Technically it may be forgiving, but not economically. Imagine electrolyzer or ammonia plant that uses only 20% of full capacity on average because of using only peak electricity surplus. The rest 80% is basically wasted. Classical plant with higher capacity factor might still be more profitable even if it uses more expensive electricity.
Any electricity demand that can be modulated is good for renewables.

Big plants have been doing this for decades, even before renewables were a thing.

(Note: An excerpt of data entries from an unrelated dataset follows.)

(* Let $A=(a_{ij})$ be an $n\times n$ symmetric matrix with nonnegative entries and zero diagonal, $V=\{1,\dots,n\}$, and let $S\subseteq V$ with $S\neq\emptyset$. Define $$\gamma_S=\max_{\mathbf{x}\in\Delta_{V\setminus S}}\ \min_{i\in S}\ \frac{\mathbf{x}'A\mathbf{x}-(A\mathbf{x})_i}{\mathbf{x}'\mathbf{x}}.$$ Then $\gamma_S\le\lambda_{\max}(A_{V\setminus S})$, where $\lambda_{\max}(A_{V\setminus S})$ is the largest eigenvalue of the principal submatrix of $A$ indexed by the elements of $V\setminus S$.
   Context: $\Delta=\{\mathbf{x}\in\mathbb{R}^n:\sum_i x_i=1,\ x_i\ge 0\}$ is the standard simplex; for $T\subseteq V$, $\Delta_T=\{\mathbf{x}\in\Delta:\sigma(\mathbf{x})\subseteq T\}$, where $\sigma(\mathbf{x})=\{i: x_i>0\}$. A prime denotes transposition. *)

theory Defs
  imports "HOL-Analysis.Analysis"
begin

text \<open>Vectors in R^n are functions nat => real, indexed by V = {..<n} (0-based),
  and n x n matrices are functions nat => nat => real.\<close>

definition simplex_on :: "nat set \<Rightarrow> nat set \<Rightarrow> (nat \<Rightarrow> real) set" where
  "simplex_on V T = {x. (\<forall>i\<in>V. 0 \<le> x i) \<and> (\<Sum>i\<in>V. x i) = 1
      \<and> (\<forall>i. i \<notin> V \<longrightarrow> x i = 0) \<and> {i\<in>V. 0 < x i} \<subseteq> T}"

definition matvec :: "(nat \<Rightarrow> nat \<Rightarrow> real) \<Rightarrow> nat set \<Rightarrow> (nat \<Rightarrow> real) \<Rightarrow> nat \<Rightarrow> real" where
  "matvec A V x i = (\<Sum>j\<in>V. A i j * x j)"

The new thing is computers making it cheaply automatable and networked so that e.g. a fleet of cars can organise their charging schedule via the internet.

But rising electricity demand isn't a problem for renewables and climate change, it is in fact a required and desirable part of a virtuous cycle.

So build the Green Ammonia plant and build the renewables to power it 100% of the time but have the option to turn your electrolysers down and sell a small percentage of that to the grid when market prices let you profit from that. It's a win-win-win, less gas peakers, more green electricity and green hydrogen.

There is nowhere that you would operate at only 20% utilization.

Demand for ammonia will be so strong that, after enough renewable overcapacity is built out, you would run electrolysers off your other storage, 24/7.

A nuke would, of course, produce exactly zero grams of ammonia for ten years. It would also require burning coal for those ten years. Ten years of coal is part of the cost never accounted for, like the public indemnification subsidy, and cost of decommissioning.

Starting after the ten years, the nuke would produce a fraction of the ammonia, per dollar, that the renewables would have, because operating cost of nukes is quite high, against zero for renewables.